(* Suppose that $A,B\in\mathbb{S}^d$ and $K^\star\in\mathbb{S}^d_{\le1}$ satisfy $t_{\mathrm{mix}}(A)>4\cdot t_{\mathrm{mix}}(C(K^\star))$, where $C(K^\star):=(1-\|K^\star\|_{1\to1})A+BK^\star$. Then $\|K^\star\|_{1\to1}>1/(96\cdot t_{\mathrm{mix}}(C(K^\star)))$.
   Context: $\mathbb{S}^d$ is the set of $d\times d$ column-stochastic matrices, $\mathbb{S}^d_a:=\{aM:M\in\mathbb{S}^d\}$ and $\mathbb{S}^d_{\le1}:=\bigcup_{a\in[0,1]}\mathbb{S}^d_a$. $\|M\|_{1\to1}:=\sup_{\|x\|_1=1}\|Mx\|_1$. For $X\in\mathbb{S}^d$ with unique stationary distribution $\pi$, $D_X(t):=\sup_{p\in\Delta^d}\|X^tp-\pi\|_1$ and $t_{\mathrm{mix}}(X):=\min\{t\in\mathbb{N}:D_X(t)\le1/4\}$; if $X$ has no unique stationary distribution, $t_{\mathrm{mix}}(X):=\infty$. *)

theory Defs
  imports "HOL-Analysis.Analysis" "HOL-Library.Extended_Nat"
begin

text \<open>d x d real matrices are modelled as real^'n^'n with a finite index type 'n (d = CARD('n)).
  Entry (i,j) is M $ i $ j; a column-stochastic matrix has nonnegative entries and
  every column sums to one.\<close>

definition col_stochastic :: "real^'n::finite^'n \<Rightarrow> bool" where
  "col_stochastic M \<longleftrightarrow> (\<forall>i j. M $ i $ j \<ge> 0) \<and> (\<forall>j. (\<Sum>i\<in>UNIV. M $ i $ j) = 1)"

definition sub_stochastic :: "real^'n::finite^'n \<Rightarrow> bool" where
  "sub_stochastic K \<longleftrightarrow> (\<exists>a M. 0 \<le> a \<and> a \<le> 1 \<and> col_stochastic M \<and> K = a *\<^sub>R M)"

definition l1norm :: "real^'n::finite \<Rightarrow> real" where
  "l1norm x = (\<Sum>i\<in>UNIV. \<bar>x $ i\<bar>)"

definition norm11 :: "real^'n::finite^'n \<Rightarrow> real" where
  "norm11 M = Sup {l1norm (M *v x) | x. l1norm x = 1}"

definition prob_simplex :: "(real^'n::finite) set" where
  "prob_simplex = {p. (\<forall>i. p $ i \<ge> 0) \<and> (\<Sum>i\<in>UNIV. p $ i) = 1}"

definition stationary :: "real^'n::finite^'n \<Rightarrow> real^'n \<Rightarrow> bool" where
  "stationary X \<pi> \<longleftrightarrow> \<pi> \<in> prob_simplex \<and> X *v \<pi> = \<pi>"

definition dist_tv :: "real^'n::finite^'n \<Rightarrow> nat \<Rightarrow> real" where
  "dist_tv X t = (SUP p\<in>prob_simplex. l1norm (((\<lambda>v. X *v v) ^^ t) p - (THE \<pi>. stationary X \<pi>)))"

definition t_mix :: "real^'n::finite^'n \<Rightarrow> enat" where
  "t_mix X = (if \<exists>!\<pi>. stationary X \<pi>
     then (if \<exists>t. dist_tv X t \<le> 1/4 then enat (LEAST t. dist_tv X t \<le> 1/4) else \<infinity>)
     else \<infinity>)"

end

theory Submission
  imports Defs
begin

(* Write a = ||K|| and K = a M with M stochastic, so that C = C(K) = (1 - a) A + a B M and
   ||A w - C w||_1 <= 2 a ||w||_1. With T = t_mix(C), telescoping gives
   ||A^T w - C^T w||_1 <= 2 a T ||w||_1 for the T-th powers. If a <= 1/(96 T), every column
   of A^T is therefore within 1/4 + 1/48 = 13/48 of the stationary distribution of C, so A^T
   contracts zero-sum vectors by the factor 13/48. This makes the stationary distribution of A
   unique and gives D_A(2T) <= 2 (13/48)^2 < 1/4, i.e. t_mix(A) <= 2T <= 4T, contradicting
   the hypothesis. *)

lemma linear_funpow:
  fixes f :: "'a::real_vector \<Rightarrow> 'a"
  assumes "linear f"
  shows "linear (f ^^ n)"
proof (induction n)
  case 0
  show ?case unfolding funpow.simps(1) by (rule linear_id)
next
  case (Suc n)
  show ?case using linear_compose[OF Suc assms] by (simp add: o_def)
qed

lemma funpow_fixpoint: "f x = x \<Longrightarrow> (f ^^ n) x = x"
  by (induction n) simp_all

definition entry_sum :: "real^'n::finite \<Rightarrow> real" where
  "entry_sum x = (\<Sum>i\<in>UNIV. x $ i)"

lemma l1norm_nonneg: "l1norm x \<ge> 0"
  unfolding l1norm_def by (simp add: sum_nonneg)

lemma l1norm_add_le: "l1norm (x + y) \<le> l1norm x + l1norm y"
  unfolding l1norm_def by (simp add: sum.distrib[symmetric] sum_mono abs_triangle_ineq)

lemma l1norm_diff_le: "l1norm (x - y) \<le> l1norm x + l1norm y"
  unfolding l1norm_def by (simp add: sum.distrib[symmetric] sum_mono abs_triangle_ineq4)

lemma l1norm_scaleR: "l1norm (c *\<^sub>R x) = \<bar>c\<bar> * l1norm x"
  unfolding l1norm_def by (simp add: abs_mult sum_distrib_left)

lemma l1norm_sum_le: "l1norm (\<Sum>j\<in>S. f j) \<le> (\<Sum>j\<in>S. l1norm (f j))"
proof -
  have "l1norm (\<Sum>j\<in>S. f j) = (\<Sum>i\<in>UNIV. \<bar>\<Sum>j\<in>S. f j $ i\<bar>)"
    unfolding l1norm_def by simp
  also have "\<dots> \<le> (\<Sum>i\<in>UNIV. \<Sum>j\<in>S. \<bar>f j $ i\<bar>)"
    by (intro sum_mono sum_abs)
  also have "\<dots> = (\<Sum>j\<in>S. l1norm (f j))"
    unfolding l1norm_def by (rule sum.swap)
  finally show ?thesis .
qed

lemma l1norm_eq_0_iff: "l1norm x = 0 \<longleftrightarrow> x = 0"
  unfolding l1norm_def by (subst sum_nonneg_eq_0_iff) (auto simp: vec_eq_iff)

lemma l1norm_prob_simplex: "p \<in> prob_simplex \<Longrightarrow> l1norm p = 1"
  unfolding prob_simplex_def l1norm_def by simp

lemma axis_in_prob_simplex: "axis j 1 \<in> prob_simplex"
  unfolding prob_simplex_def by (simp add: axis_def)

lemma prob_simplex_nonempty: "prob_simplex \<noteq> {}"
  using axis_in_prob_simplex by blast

[Work task]: Output each record exactly, leaving nothing out.

[Problem solution]:
(* Suppose that $A,B\in\mathbb{S}^d$ and $K^\star\in\mathbb{S}^d_{\le1}$ satisfy $t_{\mathrm{mix}}(A)>4\cdot t_{\mathrm{mix}}(C(K^\star))$, where $C(K^\star):=(1-\|K^\star\|_{1\to1})A+BK^\star$. Then $\|K^\star\|_{1\to1}>1/(96\cdot t_{\mathrm{mix}}(C(K^\star)))$.
   Context: $\mathbb{S}^d$ is the set of $d\times d$ column-stochastic matrices, $\mathbb{S}^d_a:=\{aM:M\in\mathbb{S}^d\}$ and $\mathbb{S}^d_{\le1}:=\bigcup_{a\in[0,1]}\mathbb{S}^d_a$. $\|M\|_{1\to1}:=\sup_{\|x\|_1=1}\|Mx\|_1$. For $X\in\mathbb{S}^d$ with unique stationary distribution $\pi$, $D_X(t):=\sup_{p\in\Delta^d}\|X^tp-\pi\|_1$ and $t_{\mathrm{mix}}(X):=\min\{t\in\mathbb{N}:D_X(t)\le1/4\}$; if $X$ has no unique stationary distribution, $t_{\mathrm{mix}}(X):=\infty$. *)

theory Defs
  imports "HOL-Analysis.Analysis" "HOL-Library.Extended_Nat"
begin

text \<open>d x d real matrices are modelled as real^'n^'n with a finite index type 'n (d = CARD('n)).
  Entry (i,j) is M $ i $ j; a column-stochastic matrix has nonnegative entries and
  every column sums to one.\<close>

definition col_stochastic :: "real^'n::finite^'n \<Rightarrow> bool" where
  "col_stochastic M \<longleftrightarrow> (\<forall>i j. M $ i $ j \<ge> 0) \<and> (\<forall>j. (\<Sum>i\<in>UNIV. M $ i $ j) = 1)"

definition sub_stochastic :: "real^'n::finite^'n \<Rightarrow> bool" where
  "sub_stochastic K \<longleftrightarrow> (\<exists>a M. 0 \<le> a \<and> a \<le> 1 \<and> col_stochastic M \<and> K = a *\<^sub>R M)"

definition l1norm :: "real^'n::finite \<Rightarrow> real" where
  "l1norm x = (\<Sum>i\<in>UNIV. \<bar>x $ i\<bar>)"

definition norm11 :: "real^'n::finite^'n \<Rightarrow> real" where
  "norm11 M = Sup {l1norm (M *v x) | x. l1norm x = 1}"

definition prob_simplex :: "(real^'n::finite) set" where
  "prob_simplex = {p. (\<forall>i. p $ i \<ge> 0) \<and> (\<Sum>i\<in>UNIV. p $ i) = 1}"

definition stationary :: "real^'n::finite^'n \<Rightarrow> real^'n \<Rightarrow> bool" where
  "stationary X \<pi> \<longleftrightarrow> \<pi> \<in> prob_simplex \<and> X *v \<pi> = \<pi>"

definition dist_tv :: "real^'n::finite^'n \<Rightarrow> nat \<Rightarrow> real" where
  "dist_tv X t = (SUP p\<in>prob_simplex. l1norm (((\<lambda>v. X *v v) ^^ t) p - (THE \<pi>. stationary X \<pi>)))"

definition t_mix :: "real^'n::finite^'n \<Rightarrow> enat" where
  "t_mix X = (if \<exists>!\<pi>. stationary X \<pi>
     then (if \<exists>t. dist_tv X t \<le> 1/4 then enat (LEAST t. dist_tv X t \<le> 1/4) else \<infinity>)
     else \<infinity>)"

end

theory Submission
  imports Defs
begin

(* Write a = ||K|| and K = a M with M stochastic, so that C = C(K) = (1 - a) A + a B M and
   ||A w - C w||_1 <= 2 a ||w||_1. With T = t_mix(C), telescoping gives
   ||A^T w - C^T w||_1 <= 2 a T ||w||_1 for the T-th powers. If a <= 1/(96 T), every column
   of A^T is therefore within 1/4 + 1/48 = 13/48 of the stationary distribution of C, so A^T
   contracts zero-sum vectors by the factor 13/48. This makes the stationary distribution of A
   unique and gives D_A(2T) <= 2 (13/48)^2 < 1/4, i.e. t_mix(A) <= 2T <= 4T, contradicting
   the hypothesis. *)

lemma linear_funpow:
  fixes f :: "'a::real_vector \<Rightarrow> 'a"
  assumes "linear f"
  shows "linear (f ^^ n)"
proof (induction n)
  case 0
  show ?case unfolding funpow.simps(1) by (rule linear_id)
next
  case (Suc n)
  show ?case using linear_compose[OF Suc assms] by (simp add: o_def)
qed

lemma funpow_fixpoint: "f x = x \<Longrightarrow> (f ^^ n) x = x"
  by (induction n) simp_all

definition entry_sum :: "real^'n::finite \<Rightarrow> real" where
  "entry_sum x = (\<Sum>i\<in>UNIV. x $ i)"

lemma l1norm_nonneg: "l1norm x \<ge> 0"
  unfolding l1norm_def by (simp add: sum_nonneg)

lemma l1norm_add_le: "l1norm (x + y) \<le> l1norm x + l1norm y"
  unfolding l1norm_def by (simp add: sum.distrib[symmetric] sum_mono abs_triangle_ineq)

lemma l1norm_diff_le: "l1norm (x - y) \<le> l1norm x + l1norm y"
  unfolding l1norm_def by (simp add: sum.distrib[symmetric] sum_mono abs_triangle_ineq4)

lemma l1norm_scaleR: "l1norm (c *\<^sub>R x) = \<bar>c\<bar> * l1norm x"
  unfolding l1norm_def by (simp add: abs_mult sum_distrib_left)

lemma l1norm_sum_le: "l1norm (\<Sum>j\<in>S. f j) \<le> (\<Sum>j\<in>S. l1norm (f j))"
proof -
  have "l1norm (\<Sum>j\<in>S. f j) = (\<Sum>i\<in>UNIV. \<bar>\<Sum>j\<in>S. f j $ i\<bar>)"
    unfolding l1norm_def by simp
  also have "\<dots> \<le> (\<Sum>i\<in>UNIV. \<Sum>j\<in>S. \<bar>f j $ i\<bar>)"
    by (intro sum_mono sum_abs)
  also have "\<dots> = (\<Sum>j\<in>S. l1norm (f j))"
    unfolding l1norm_def by (rule sum.swap)
  finally show ?thesis .
qed

lemma l1norm_eq_0_iff: "l1norm x = 0 \<longleftrightarrow> x = 0"
  unfolding l1norm_def by (subst sum_nonneg_eq_0_iff) (auto simp: vec_eq_iff)

lemma l1norm_prob_simplex: "p \<in> prob_simplex \<Longrightarrow> l1norm p = 1"
  unfolding prob_simplex_def l1norm_def by simp

lemma axis_in_prob_simplex: "axis j 1 \<in> prob_simplex"
  unfolding prob_simplex_def by (simp add: axis_def)

lemma prob_simplex_nonempty: "prob_simplex \<noteq> {}"
  using axis_in_prob_simplex by blast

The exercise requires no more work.